Rares sont les compositeurs à être, comme lui, capables de tels effets avec si peu de moyens, d’établir une atmosphère en quelques coups d’archet et d’ouvrir des mondes poétiques au sein de formes si brèves. Avec sa musique, une chanteuse seule peut être en mesure de captiver son public, pour peu qu’elle observe les notes choisies et délicatement couchées sur le papier par György Kurtág. Dans un paysage médiatique aspirant à toujours plus grand, impressionnant et scandaleux, il parvient à créer des îlots de réflexion et démontrer qu’un petit groupe de musiciens a souvent bien plus à dire.
György Kurtág, qui a vu le jour le 19 février 1926, fait partie des compositeurs parmi les plus réputés et cosmopolites de ces cent dernières années. Résidences et responsabilités artistiques l’ont mené à Berlin, Vienne et Paris. Pendant plus de six décennies, il s’est produit au piano avec son épouse Márta Kurtág.
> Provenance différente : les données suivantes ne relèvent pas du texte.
(* In the setting described in the context, suppose sequential ignorability, the overlap condition and correct specification hold. Then the backward-induction DTR $\pi^{*,B}=(\pi_1^{*,B},\dots,\pi_T^{*,B})$ is optimal over $\Pi$: $W(\pi^{*,B})\ge W(\pi)$ for all $\pi\in\Pi$.
   Context: Fix $T\ge1$; $\mathcal{A}_t=\{0,\dots,d_t-1\}$, $d_t\ge2$; $\underline v_t=(v_1,\dots,v_t)$, $\underline{\mathcal{A}}_t=\mathcal{A}_1\times\cdots\times\mathcal{A}_t$. Potential outcomes $Y_t(\underline a_t)$, potential states $S_t(\underline a_{t-1})$ ($S_1$ pre-treatment); observed $A_t$, $S_t=S_t(\underline A_{t-1})$, $Y_t=Y_t(\underline A_t)$; potential history $H_t(\underline a_{t-1})=(\underline a_{t-1},S_1,S_2(\underline a_1),\dots,S_t(\underline a_{t-1}))$, observed history $H_t=H_t(\underline A_{t-1})$ with support $\mathcal{H}_t$. $e_t(h_t,a_t)=\mathbb{P}(A_t=a_t\mid H_t=h_t)$. A stage-$t$ policy is measurable $\pi_t:\mathcal{H}_t\to\mathcal{A}_t$; DTR $\pi=(\pi_1,\dots,\pi_T)$; class $\Pi=\Pi_1\times\cdots\times\Pi_T$, $\Pi_{s:t}=\Pi_s\times\cdots\times\Pi_t$, $\pi_{s:t}=(\pi_s,\dots,\pi_t)$. Welfare $W(\pi)=\mathbb{E}[\sum_{t=1}^T\sum_{\underline a_t\in\underline{\mathcal{A}}_t}Y_t(\underline a_t)\prod_{s=1}^t\mathbf{1}\{\pi_s(H_s(\underline a_{s-1}))=a_s\}]$. Write $f(h,\pi_t)=f(h,\pi_t(h))$. Q-functions: $Q_T(h_T,a_T)=\mathbb{E}[Y_T\mid H_T=h_T,A_T=a_T]$ (also $Q_T^{\pi_{(T+1):T}}$); for $t<T$, $Q_t^{\pi_{(t+1):T}}(h_t,a_t)=\mathbb{E}[Y_t+Q_{t+1}^{\pi_{(t+2):T}}(H_{t+1},\pi_{t+1})\mid H_t=h_t,A_t=a_t]$. Backward induction: $\pi_T^{*,B}\in\arg\max_{\pi_T\in\Pi_T}\mathbb{E}[Q_T(H_T,\pi_T)]$ and for $t=T-1,\dots,1$, $\pi_t^{*,B}\in\arg\max_{\pi_t\in\Pi_t}\mathbb{E}[Q_t^{\pi^{*,B}_{(t+1):T}}(H_t,\pi_t)]$. (Sequential ignorability) For all $t,\underline a_T$: $\{Y_t(\underline a_t),\dots,Y_T(\underline a_T),S_{t+1}(\underline a_t),\dots,S_T(\underline a_{T-1})\}\perp A_t\mid H_t$. (Overlap) There is $\eta\in(0,1)$ with $e_t(h_t,a_t)\ge\eta$ for all $t$ and $(h_t,a_t)$ such that $\pi_t(h_t)=a_t$ for some $\pi_t\in\Pi_t$. (Correct specification) There is $\pi^*_{2:T}\in\Pi_{2:T}$ with $Q_t^{\pi^*_{(t+1):T}}(H_t,\pi_t^* )\ge\sup_{\pi_t\in\Pi_t}Q_t^{\pi^*_{(t+1):T}}(H_t,\pi_t)$ a.s. for all $t=2,\dots,T$. *)

theory Defs
  imports "HOL-Probability.Probability"
begin

text \<open>Histories at stage t are pairs (past actions, states):
  the first component is an extensional function on {1..<t} (actions a_1..a_{t-1}),
  the second an extensional function on {1..t} (states S_1..S_t).
  Action sequences (a_1,...,a_t) are lists of length t, a_s = as ! (s-1).\<close>

type_synonym 's hist = "(nat \<Rightarrow> nat) \<times> (nat \<Rightarrow> 's)"

definition act_seqs :: "(nat \<Rightarrow> nat) \<Rightarrow> nat \<Rightarrow> nat list set" where
  "act_seqs d t = {as. length as = t \<and> (\<forall>i<t. as ! i < d (Suc i))}"

definition HM :: "'s measure \<Rightarrow> nat \<Rightarrow> 's hist measure" where
  "HM SM t = PiM {1..<t} (\<lambda>_. count_space UNIV) \<Otimes>\<^sub>M PiM {1..t} (\<lambda>_. SM)"

definition pot_hist :: "(nat \<Rightarrow> nat list \<Rightarrow> 'w \<Rightarrow> 's) \<Rightarrow> nat \<Rightarrow> nat list \<Rightarrow> 'w \<Rightarrow> 's hist" where
  "pot_hist S t as \<omega> = ((\<lambda>i\<in>{1..<t}. as ! (i - 1)), (\<lambda>i\<in>{1..t}. S i (take (i - 1) as) \<omega>))"

definition obs_acts :: "(nat \<Rightarrow> 'w \<Rightarrow> nat) \<Rightarrow> nat \<Rightarrow> 'w \<Rightarrow> nat list" where
  "obs_acts A t \<omega> = map (\<lambda>s. A s \<omega>) [1..<Suc t]"

definition obs_hist :: "(nat \<Rightarrow> nat list \<Rightarrow> 'w \<Rightarrow> 's) \<Rightarrow> (nat \<Rightarrow> 'w \<Rightarrow> nat) \<Rightarrow> nat \<Rightarrow> 'w \<Rightarrow> 's hist" where
  "obs_hist S A t \<omega> = pot_hist S t (obs_acts A (t - 1) \<omega>) \<omega>"

definition obs_Y :: "(nat \<Rightarrow> nat list \<Rightarrow> 'w \<Rightarrow> real) \<Rightarrow> (nat \<Rightarrow> 'w \<Rightarrow> nat) \<Rightarrow> nat \<Rightarrow> 'w \<Rightarrow> real" where
  "obs_Y Y A t \<omega> = Y t (obs_acts A t \<omega>) \<omega>"

definition policy :: "'s measure \<Rightarrow> (nat \<Rightarrow> nat) \<Rightarrow> nat \<Rightarrow> ('s hist \<Rightarrow> nat) \<Rightarrow> bool" where
  "policy SM d t p \<longleftrightarrow> p \<in> measurable (HM SM t) (count_space UNIV) \<and> (\<forall>h\<in>space (HM SM t). p h < d t)"

definition H_alg :: "'w measure \<Rightarrow> 's measure \<Rightarrow> (nat \<Rightarrow> nat list \<Rightarrow> 'w \<Rightarrow> 's) \<Rightarrow> (nat \<Rightarrow> 'w \<Rightarrow> nat) \<Rightarrow> nat \<Rightarrow> 'w measure" where
  "H_alg M SM S A t = vimage_algebra (space M) (obs_hist S A t) (HM SM t)"

definition HA_alg :: "'w measure \<Rightarrow> 's measure \<Rightarrow> (nat \<Rightarrow> nat list \<Rightarrow> 'w \<Rightarrow> 's) \<Rightarrow> (nat \<Rightarrow> 'w \<Rightarrow> nat) \<Rightarrow> nat \<Rightarrow> 'w measure" where
  "HA_alg M SM S A t = vimage_algebra (space M) (\<lambda>\<omega>. (obs_hist S A t \<omega>, A t \<omega>)) (HM SM t \<Otimes>\<^sub>M count_space UNIV)"

definition is_Q_version :: "'w measure \<Rightarrow> 's measure \<Rightarrow> (nat \<Rightarrow> nat list \<Rightarrow> 'w \<Rightarrow> 's) \<Rightarrow> (nat \<Rightarrow> 'w \<Rightarrow> nat)
    \<Rightarrow> nat \<Rightarrow> ('w \<Rightarrow> real) \<Rightarrow> ('s hist \<times> nat \<Rightarrow> real) \<Rightarrow> bool" where
  "is_Q_version M SM S A t Z q \<longleftrightarrow>
     q \<in> borel_measurable (HM SM t \<Otimes>\<^sub>M count_space UNIV) \<and>
     (AE \<omega> in M. q (obs_hist S A t \<omega>, A t \<omega>) = real_cond_exp M (HA_alg M SM S A t) Z \<omega>)"

definition Q_family :: "'w measure \<Rightarrow> 's measure \<Rightarrow> (nat \<Rightarrow> nat list \<Rightarrow> 'w \<Rightarrow> real) \<Rightarrow> (nat \<Rightarrow> nat list \<Rightarrow> 'w \<Rightarrow> 's)
    \<Rightarrow> (nat \<Rightarrow> 'w \<Rightarrow> nat) \<Rightarrow> nat \<Rightarrow> (nat \<Rightarrow> 's hist \<Rightarrow> nat) \<Rightarrow> (nat \<Rightarrow> 's hist \<times> nat \<Rightarrow> real) \<Rightarrow> bool" where
  "Q_family M SM Y S A T \<pi> Q \<longleftrightarrow>
     (\<forall>t\<in>{1..T}. is_Q_version M SM S A t
        (if t = T then obs_Y Y A T
         else (\<lambda>\<omega>. obs_Y Y A t \<omega> + Q (Suc t) (obs_hist S A (Suc t) \<omega>, \<pi> (Suc t) (obs_hist S A (Suc t) \<omega>))))
        (Q t))"

definition welfare :: "'w measure \<Rightarrow> (nat \<Rightarrow> nat) \<Rightarrow> (nat \<Rightarrow> nat list \<Rightarrow> 'w \<Rightarrow> real) \<Rightarrow> (nat \<Rightarrow> nat list \<Rightarrow> 'w \<Rightarrow> 's)
    \<Rightarrow> nat \<Rightarrow> (nat \<Rightarrow> 's hist \<Rightarrow> nat) \<Rightarrow> real" where
  "welfare M d Y S T \<pi> =
     (\<integral>\<omega>. (\<Sum>t\<in>{1..T}. \<Sum>as\<in>act_seqs d t.
        Y t as \<omega> * (\<Prod>s\<in>{1..t}. if \<pi> s (pot_hist S s (take (s - 1) as) \<omega>) = as ! (s - 1) then 1 else 0)) \<partial>M)"

definition cond_indep :: "'w measure \<Rightarrow> 'w measure \<Rightarrow> 'w measure \<Rightarrow> 'w measure \<Rightarrow> bool" where
  "cond_indep M G F1 F2 \<longleftrightarrow>
     (\<forall>E1\<in>sets F1. \<forall>E2\<in>sets F2. AE \<omega> in M.
        real_cond_exp M G (indicator (E1 \<inter> E2)) \<omega> =
        real_cond_exp M G (indicator E1) \<omega> * real_cond_exp M G (indicator E2) \<omega>)"

definition pot_vec :: "(nat \<Rightarrow> nat list \<Rightarrow> 'w \<Rightarrow> real) \<Rightarrow> (nat \<Rightarrow> nat list \<Rightarrow> 'w \<Rightarrow> 's) \<Rightarrow> nat \<Rightarrow> nat \<Rightarrow> nat list
    \<Rightarrow> 'w \<Rightarrow> (nat \<Rightarrow> real) \<times> (nat \<Rightarrow> 's)" where
  "pot_vec Y S T t as \<omega> = ((\<lambda>s\<in>{t..T}. Y s (take s as) \<omega>), (\<lambda>s\<in>{t<..T}. S s (take (s - 1) as) \<omega>))"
Sa manière de procéder, aussi énigmatique que pleine d’humanité, lui a conféré le surnom de «moine». Parlant peu de ses œuvres, il préfère interroger ses interprètes et leur laisse d’autant plus d’espace de jeu – au sens propre du terme –, afin d’éclairer des situations de la vie tant sérieuses que joyeuses, de façon nuancée. Il n’est pas rare qu’il choisisse comme point de départ la littérature et de par leur densité et leur pouvoir d’expression, ses œuvres ne sont pas loin de ressembler à des poèmes.
Il semblait donc évident que les concerts en hommage au compositeur hongrois soient organisés dans l’intimité de la Salle de Musique de Chambre. Pierre-Laurent Aimard, qu’une collaboration de longue date lie au compositeur et qui a créé quelques-unes de ses pièces pour piano, y fait dialoguer des œuvres de Kurtág et Johann Sebastian Bach. Tandis que le Rising star Áron Horváth invite à une plongée unique dans le répertoire et le berceau musical de Kurtág via son instrument, le cymbalum hongrois, sur lequel il propose, au-delà de compositions de Kurtág, de l’authentique musique populaire hongroise et d’Europe centrale, destinée à son instrument.